Screenshot from Erin Dooley's original application.
Fittingly, Dooley is now a Research Analyst in the Office of School Performance for the New York City Department of Education, where she works on a team that builds tools allowing leaders better access to data about their school's performance.
"I like that my work impacts students, even indirectly," said Dooley. "I also like that there is freedom on my team to explore the questions that I find interesting. Besides the data analysis part of my job, I've also had the opportunity to teach Python to other analysts at the DOE, and work on my presenting and communication skills, which I find harder than the technical aspects of my job!"
Front-End Data Scientist at Mathematica Policy Research
Metis Graduate, Winter 2017
Metis is structured around 5 projects, and while the two examples above demonstrate final projects (which give students the freedom to choose their own direction), the following is an example of what's called Project McNulty, which is geared toward supervised learning and visualizations.
Metis graduate Eva Ward chose to focus her efforts on the water crisis in Flint, Michigan, comparing what happened there to what's going on in Massachusetts public schools (because the Massachusetts Department of Environmental Protection initiated an assistance program with public schools, making drinking water quality data from schools across the state is available.)

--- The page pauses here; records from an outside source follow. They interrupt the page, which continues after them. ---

lemma drift: "t \<le> \<tau> \<Longrightarrow> norm (u t - x) \<le> 2 * \<eta> * wm * real t * norm (g x)"
proof (induction t)
  case (Suc t)
  then have t: "t < \<tau>" and IH: "norm (u t - x) \<le> 2 * \<eta> * wm * real t * norm (g x)" by auto
  have "L * norm (u t - x) \<le> 2 * norm (g x) * (L * \<eta> * wm * real t)"
    using mult_left_mono[OF IH L_nonneg] by (simp add: algebra_simps)
  also have "\<dots> \<le> norm (g x)"
  proof -
    have "L * \<eta> * wm * real t \<le> 1/16" using drift_factor_mono[of t] t small_steps by simp
    then have "2 * norm (g x) * (L * \<eta> * wm * real t) \<le> 2 * norm (g x) * (1/16)"
      by (rule mult_left_mono) simp
    then show ?thesis using norm_ge_zero[of "g x"] by linarith
  qed
  finally have g_bound: "norm (g (u t)) \<le> 2 * norm (g x)"
    using lipschitz[of "u t" x] norm_triangle_ineq2[of "g (u t)" "g x"] by linarith
  have "norm (u (Suc t) - x) \<le> norm (u t - x) + \<eta> * w t * norm (g (u t))"
    using norm_triangle_ineq4[of "u t - x" "(\<eta> * w t) *\<^sub>R g (u t)"] weights[OF t] eta_nonneg
    by (simp add: step algebra_simps)
  also have "\<eta> * w t * norm (g (u t)) \<le> \<eta> * wm * (2 * norm (g x))"
    using weights[OF t] eta_nonneg g_bound by (intro mult_mono mult_left_mono) auto
  finally show ?case using IH by (simp add: algebra_simps)
qed (simp add: start)

lemma displacement:
  "norm ((u \<tau> - x) + (\<eta> * (\<Sum>t<\<tau>. w t)) *\<^sub>R g x)
     \<le> 2 * (L * \<eta> * wm * real \<tau>) * norm (g x) * (\<eta> * (\<Sum>t<\<tau>. w t))"
proof -
  have sum_form: "u t - x = - \<eta> *\<^sub>R (\<Sum>s<t. w s *\<^sub>R g (u s))" for t
    by (induction t) (simp_all add: start step algebra_simps)
  have "(u \<tau> - x) + (\<eta> * (\<Sum>t<\<tau>. w t)) *\<^sub>R g x = - \<eta> *\<^sub>R (\<Sum>t<\<tau>. w t *\<^sub>R (g (u t) - g x))"
    by (simp add: sum_form scaleR_diff_right sum_subtractf scaleR_sum_left[symmetric])
  then have "norm ((u \<tau> - x) + (\<eta> * (\<Sum>t<\<tau>. w t)) *\<^sub>R g x)
      = \<eta> * norm (\<Sum>t<\<tau>. w t *\<^sub>R (g (u t) - g x))"
    using eta_nonneg by simp
  also have "\<dots> \<le> \<eta> * (\<Sum>t<\<tau>. norm (w t *\<^sub>R (g (u t) - g x)))"
    by (intro mult_left_mono norm_sum eta_nonneg)
  also have "\<dots> \<le> \<eta> * (\<Sum>t<\<tau>. w t * (2 * (L * \<eta> * wm * real \<tau>) * norm (g x)))"
  proof (intro mult_left_mono sum_mono eta_nonneg)
    fix t assume "t \<in> {..<\<tau>}"
    then have t: "t < \<tau>" by simp
    have "norm (g (u t) - g x) \<le> L * (2 * \<eta> * wm * real t * norm (g x))"
      using lipschitz[of "u t" x] mult_left_mono[OF drift[of t] L_nonneg] t by linarith
    also have "\<dots> = 2 * norm (g x) * (L * \<eta> * wm * real t)" by simp
    also have "\<dots> \<le> 2 * norm (g x) * (L * \<eta> * wm * real \<tau>)"
      by (rule mult_left_mono) (use drift_factor_mono[of t] t in auto)
    finally have "w t * norm (g (u t) - g x) \<le> w t * (2 * norm (g x) * (L * \<eta> * wm * real \<tau>))"
      by (rule mult_left_mono) (use weights[OF t] in simp)
    then show "norm (w t *\<^sub>R (g (u t) - g x)) \<le> w t * (2 * (L * \<eta> * wm * real \<tau>) * norm (g x))"
      using weights[OF t] by (simp add: mult_ac)
  qed
  also have "\<dots> = 2 * (L * \<eta> * wm * real \<tau>) * norm (g x) * (\<eta> * (\<Sum>t<\<tau>. w t))"
    by (simp add: sum_distrib_left sum_distrib_right mult_ac)
  finally show ?thesis .
qed

lemma local_descent:
  "G \<bullet> (u \<tau> - x) + L / 2 * (norm (u \<tau> - x))\<^sup>2
     \<le> \<eta> * (\<Sum>t<\<tau>. w t) * (- (G \<bullet> g x) + 4 * (L * \<eta> * wm * real \<tau>) * (norm G)\<^sup>2
          + (L * \<eta> * wm * real \<tau>) * (norm (g x))\<^sup>2)"
proof -
  define c where "c = L * \<eta> * wm * real \<tau>"
  define W where "W = \<eta> * (\<Sum>t<\<tau>. w t)"
  define a where "a = norm (g x)"
  define d where "d = (u \<tau> - x) + W *\<^sub>R g x"
  have c: "0 \<le> c" "c \<le> 1/16"
    using drift_factor_mono[of \<tau>] small_steps unfolding c_def by auto
  have W: "0 \<le> W"
    using weights eta_nonneg unfolding W_def by (intro mult_nonneg_nonneg sum_nonneg) auto
  have LW: "L * W \<le> c"
  proof -
    have "(\<Sum>t<\<tau>. w t) \<le> real \<tau> * wm"
      using sum_bounded_above[of "{..<\<tau>}" w wm] weights by auto
    then have "L * \<eta> * (\<Sum>t<\<tau>. w t) \<le> L * \<eta> * (real \<tau> * wm)"
      using L_nonneg eta_nonneg by (intro mult_left_mono) auto
    then show ?thesis unfolding W_def c_def by (simp add: mult_ac)
  qed
  have d: "norm d \<le> 2 * c * a * W"
    using displacement unfolding d_def c_def a_def W_def .
  have inner_part: "G \<bullet> (u \<tau> - x) \<le> - W * (G \<bullet> g x) + W * (norm G * (2 * c * a))"
  proof -
    have "G \<bullet> (u \<tau> - x) = - W * (G \<bullet> g x) + G \<bullet> d"
      by (simp add: d_def inner_add_right)
    also have "G \<bullet> d \<le> norm G * (2 * c * a * W)"
      using norm_cauchy_schwarz[of G d] d by (meson mult_left_mono norm_ge_zero order_trans)
    finally show ?thesis by (simp add: mult_ac)
  qed
  have norm_part: "L / 2 * (norm (u \<tau> - x))\<^sup>2 \<le> W * (c / 2 * (81/64) * a\<^sup>2)"
  proof -
    have "norm (u \<tau> - x) \<le> norm d + W * a"
      using norm_triangle_ineq4[of d "W *\<^sub>R g x"] W unfolding d_def a_def by simp
    also have "\<dots> \<le> W * (1 + 2 * c) * a"
      using d by (simp add: algebra_simps)
    finally have "(norm (u \<tau> - x))\<^sup>2 \<le> (W * (1 + 2 * c) * a)\<^sup>2"
      by (intro power_mono) auto
    then have "L / 2 * (norm (u \<tau> - x))\<^sup>2 \<le> L / 2 * (W * (1 + 2 * c) * a)\<^sup>2"
      using L_nonneg by (intro mult_left_mono) auto
    also have "\<dots> = W * ((L * W) / 2 * (1 + 2 * c)\<^sup>2 * a\<^sup>2)"
      by (simp add: power2_eq_square mult_ac)
    also have "\<dots> \<le> W * (c / 2 * (81/64) * a\<^sup>2)"
    proof (intro mult_left_mono W mult_right_mono)
      have "(1 + 2 * c)\<^sup>2 \<le> (9/8)\<^sup>2" using c by (intro power_mono) auto
      then show "(L * W) / 2 * (1 + 2 * c)\<^sup>2 \<le> c / 2 * (81/64)"
        using LW L_nonneg W c by (intro mult_mono) (auto simp: power2_eq_square)
    qed simp
    finally show ?thesis .
  qed
  have young: "norm G * (2 * c * a) \<le> 4 * c * (norm G)\<^sup>2 + c / 4 * a\<^sup>2"
    using mult_nonneg_nonneg[OF c(1) zero_le_power2[of "2 * norm G - a / 2"]]
    by (simp add: power2_eq_square algebra_simps)
  have "G \<bullet> (u \<tau> - x) + L / 2 * (norm (u \<tau> - x))\<^sup>2
      \<le> W * (- (G \<bullet> g x) + 4 * c * (norm G)\<^sup>2 + (113/128) * c * a\<^sup>2)"
    using inner_part norm_part mult_left_mono[OF young W] by (simp add: algebra_simps)
  also have "\<dots> \<le> W * (- (G \<bullet> g x) + 4 * c * (norm G)\<^sup>2 + c * a\<^sup>2)"
    using W c by (intro mult_left_mono) auto
  finally show ?thesis unfolding c_def W_def a_def .
qed

end

lemma expectation_stochastic_step:
  fixes M :: "'b pmf" and s :: "'b \<Rightarrow> 'a::euclidean_space"
  assumes fin: "finite (set_pmf M)"
    and mean: "measure_pmf.expectation M s = G"
    and var: "measure_pmf.expectation M (\<lambda>b. (norm (G - s b))\<^sup>2) \<le> V"
    and c: "0 \<le> c" "c \<le> 1/16"
  shows "measure_pmf.expectation M (\<lambda>b. - (G \<bullet> s b) + 4 * c * (norm G)\<^sup>2 + c * (norm (s b))\<^sup>2)
           \<le> - 1/4 * (norm G)\<^sup>2 + c * V"
proof -
  note int = integrable_measure_pmf_finite[OF fin]
  have inner_mean: "measure_pmf.expectation M (\<lambda>b. G \<bullet> s b) = (norm G)\<^sup>2"
    using mean by (simp add: int power2_norm_eq_inner)
  have "(norm (s b))\<^sup>2 = (norm (G - s b))\<^sup>2 - (norm G)\<^sup>2 + 2 * (G \<bullet> s b)" for b
    by (simp add: power2_norm_eq_inner inner_diff_left inner_diff_right inner_commute)
  then have "measure_pmf.expectation M (\<lambda>b. (norm (s b))\<^sup>2) \<le> V + (norm G)\<^sup>2"
    using var inner_mean by (simp add: int)
  then have "measure_pmf.expectation M (\<lambda>b. - (G \<bullet> s b) + 4 * c * (norm G)\<^sup>2 + c * (norm (s b))\<^sup>2)
      \<le> - (norm G)\<^sup>2 + 4 * c * (norm G)\<^sup>2 + c * (V + (norm G)\<^sup>2)"
    using inner_mean c by (simp add: int mult_left_mono)
  also have "\<dots> \<le> - 1/4 * (norm G)\<^sup>2 + c * V"
  proof -
    have "c * (norm G)\<^sup>2 \<le> 1/16 * (norm G)\<^sup>2" using c by (intro mult_right_mono) auto
    then show ?thesis
      by (simp add: distrib_left) (use zero_le_power2[of "norm G"] in linarith)
  qed
  finally show ?thesis .
qed

context block_partition
begin

lemma flex_round_descent:
  assumes F_deriv: "\<And>x. (F has_derivative (\<lambda>h. gF x \<bullet> h)) (at x)"
    and gF_lipschitz: "\<And>x y. norm (gF x - gF y) \<le> L * norm (x - y)"
    and L_nonneg: "0 \<le> L"
    and sgrad_lip: "\<And>k y z. k \<le> K \<Longrightarrow>
          norm (sgrad Bk gl k y B - sgrad Bk gl k z B) \<le> L * norm (y - z)"
    and eta_nonneg: "\<And>k. 0 \<le> eta k r"
    and weights: "\<And>k t. t < tau k r \<Longrightarrow> 0 \<le> w k r t \<and> w k r t \<le> wm k"
    and small_steps: "\<And>k. k \<le> K \<Longrightarrow> L * eta k r * wm k * real (tau k r) \<le> 1/16"
  shows "F (flex_round K Bk gl eta w tau r B x)
     \<le> F x + (\<Sum>k\<le>K. eta k r * (\<Sum>t<tau k r. w k r t) *
          (- (blk Bk k (gF x) \<bullet> sgrad Bk gl k x B)
           + 4 * (L * eta k r * wm k * real (tau k r)) * (norm (blk Bk k (gF x)))\<^sup>2
           + (L * eta k r * wm k * real (tau k r)) * (norm (sgrad Bk gl k x B))\<^sup>2))"
    (is "_ \<le> F x + (\<Sum>k\<le>K. ?bound k)")
proof -
  define u where "u k = local_iter Bk gl (eta k r) (w k r) k B x (tau k r)" for k
  have local: "blk Bk k (gF x) \<bullet> (u k - x) + L / 2 * (norm (u k - x))\<^sup>2 \<le> ?bound k"
    if k: "k \<le> K" for k
  proof -
    interpret local_iteration "\<lambda>y. sgrad Bk gl k y B" L "eta k r" "wm k" "w k r" "tau k r" x
      "local_iter Bk gl (eta k r) (w k r) k B x"
      using sgrad_lip[OF k] L_nonneg eta_nonneg weights small_steps[OF k]
      by unfold_locales auto
    show ?thesis unfolding u_def by (rule local_descent)
  qed
  have "F (flex_round K Bk gl eta w tau r B x)
      \<le> F x + gF x \<bullet> ((\<Sum>k\<le>K. blk Bk k (u k)) - x) + L / 2 * (norm ((\<Sum>k\<le>K. blk Bk k (u k)) - x))\<^sup>2"
    unfolding flex_round_def u_def by (rule descent_lemma[OF F_deriv gF_lipschitz])
  also have "\<dots> \<le> F x + (\<Sum>k\<le>K. blk Bk k (gF x) \<bullet> (u k - x)) + L / 2 * (\<Sum>k\<le>K. (norm (u k - x))\<^sup>2)"
    unfolding inner_blockwise_step using norm_blockwise_step_le L_nonneg by (simp add: mult_left_mono)
  also have "\<dots> = F x + (\<Sum>k\<le>K. blk Bk k (gF x) \<bullet> (u k - x) + L / 2 * (norm (u k - x))\<^sup>2)"
    by (simp add: sum.distrib sum_distrib_left)
  also have "\<dots> \<le> F x + (\<Sum>k\<le>K. ?bound k)"
    using local by (intro add_left_mono sum_mono) auto
  finally show ?thesis .
qed

lemma flex_round_expected_descent:
  assumes F_deriv: "\<And>x. (F has_derivative (\<lambda>h. gF x \<bullet> h)) (at x)"
    and gF_lipschitz: "\<And>x y. norm (gF x - gF y) \<le> L * norm (x - y)"
    and L_nonneg: "0 \<le> L"
    and finite_D: "finite (set_pmf D)"
    and sgrad_lip: "\<And>B k y z. B \<in> set_pmf D \<Longrightarrow> k \<le> K \<Longrightarrow>
          norm (sgrad Bk gl k y B - sgrad Bk gl k z B) \<le> L * norm (y - z)"
    and mean: "\<And>k. k \<le> K \<Longrightarrow>
          measure_pmf.expectation D (\<lambda>B. sgrad Bk gl k x B) = blk Bk k (gF x)"
    and variance: "\<And>k. k \<le> K \<Longrightarrow>
          measure_pmf.expectation D (\<lambda>B. (norm (blk Bk k (gF x) - sgrad Bk gl k x B))\<^sup>2) \<le> V k"
    and eta_nonneg: "\<And>k. 0 \<le> eta k r"
    and weights: "\<And>k t. t < tau k r \<Longrightarrow> 0 \<le> w k r t \<and> w k r t \<le> wm k"
    and small_steps: "\<And>k. k \<le> K \<Longrightarrow> L * eta k r * wm k * real (tau k r) \<le> 1/16"
  shows "measure_pmf.expectation D (\<lambda>B. F (flex_round K Bk gl eta w tau r B x))
     \<le> F x - 1/4 * (\<Sum>k\<le>K. eta k r * (\<Sum>t<tau k r. w k r t) * (norm (blk Bk k (gF x)))\<^sup>2)
        + L * (\<Sum>k\<le>K. (eta k r)\<^sup>2 * (\<Sum>t<tau k r. w k r t) * wm k * real (tau k r) * V k)"
proof -
  note int = integrable_measure_pmf_finite[OF finite_D]
  define c where "c k = L * eta k r * wm k * real (tau k r)" for k
  define Q where "Q k B = - (blk Bk k (gF x) \<bullet> sgrad Bk gl k x B)
      + 4 * c k * (norm (blk Bk k (gF x)))\<^sup>2 + c k * (norm (sgrad Bk gl k x B))\<^sup>2" for k B
  have EQ: "eta k r * (\<Sum>t<tau k r. w k r t) * measure_pmf.expectation D (Q k)
      \<le> eta k r * (\<Sum>t<tau k r. w k r t) * (- 1/4 * (norm (blk Bk k (gF x)))\<^sup>2 + c k * V k)"
    if k: "k \<le> K" for k
  proof (rule mult_left_mono)
    show "measure_pmf.expectation D (Q k) \<le> - 1/4 * (norm (blk Bk k (gF x)))\<^sup>2 + c k * V k"
      unfolding Q_def using finite_D mean[OF k] variance[OF k]
    proof (rule expectation_stochastic_step)
      show "0 \<le> c k"
      proof (cases "tau k r = 0")
        case False
        then show ?thesis unfolding c_def using weights[of 0 k] L_nonneg eta_nonneg by simp
      qed (simp add: c_def)
      show "c k \<le> 1/16" unfolding c_def using small_steps[OF k] .
    qed
    show "0 \<le> eta k r * (\<Sum>t<tau k r. w k r t)"
      using eta_nonneg weights by (intro mult_nonneg_nonneg sum_nonneg) auto
  qed
  have "measure_pmf.expectation D (\<lambda>B. F (flex_round K Bk gl eta w tau r B x))
      \<le> measure_pmf.expectation D (\<lambda>B. F x + (\<Sum>k\<le>K. eta k r * (\<Sum>t<tau k r. w k r t) * Q k B))"
    unfolding Q_def c_def
    by (intro integral_mono_AE int AE_pmfI flex_round_descent[OF F_deriv gF_lipschitz L_nonneg]
        sgrad_lip eta_nonneg weights small_steps)
  also have "\<dots> = F x + (\<Sum>k\<le>K. eta k r * (\<Sum>t<tau k r. w k r t) * measure_pmf.expectation D (Q k))"
    by (simp add: int)
  also have "\<dots> \<le> F x + (\<Sum>k\<le>K. eta k r * (\<Sum>t<tau k r. w k r t) * (- 1/4 * (norm (blk Bk k (gF x)))\<^sup>2 + c k * V k))"
    using EQ by (intro add_left_mono sum_mono) auto
  also have "\<dots> = F x - 1/4 * (\<Sum>k\<le>K. eta k r * (\<Sum>t<tau k r. w k r t) * (norm (blk Bk k (gF x)))\<^sup>2)
        + L * (\<Sum>k\<le>K. (eta k r)\<^sup>2 * (\<Sum>t<tau k r. w k r t) * wm k * real (tau k r) * V k)"
    unfolding c_def
    by (simp add: sum.distrib sum_distrib_left sum_subtractf sum_divide_distrib power2_eq_square algebra_simps)
  finally show ?thesis .
qed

"As an environmental engineer by training and practice as well as a former AmeriCorps member and public servant, I was very interested in piecing together how this could have happened: my hypothesis is that Flint was at the center of a perfect storm of aging physical infrastructure, mismanagement of the public water supply, and socio-economic characteristics," she wrote in a Github repository about the project.
With the Flint framework in mind, she built models to explore the relationship between physical infrastructure, public water supply management indicators, socio-economic characteristics, and drinking water quality in Massachusetts public schools. You can see her full presentation slide deck here and dig into the data she used here.
Ward is now a Front-End Data Scientist at Mathematica Policy Research, an organization dedicated to improving public well-being by bringing the high standards of quality, objectivity, and excellence to information collection and analysis.
"I enjoy being able to develop my data analysis and visualization skills by working on a variety of projects focused on different sectors, such as health, human services, and the environment," she said. "Regardless of sector, our projects generally focus on figuring out what works and what doesn't when trying to improve a social program."
When asked why she pursues this line of work, Ward says, "I have always wanted to leave something, even just a little better than I found it."
As the volume of worldwide data continues to grow, as the pace of technology excels, and as competition ultimately rises alongside it all, the demand for data scientists like these, who see data as a way to make the world a better place, will only continue to increase. And Metis hopes for the continual privilege of training these passionate, forward-thinking individuals.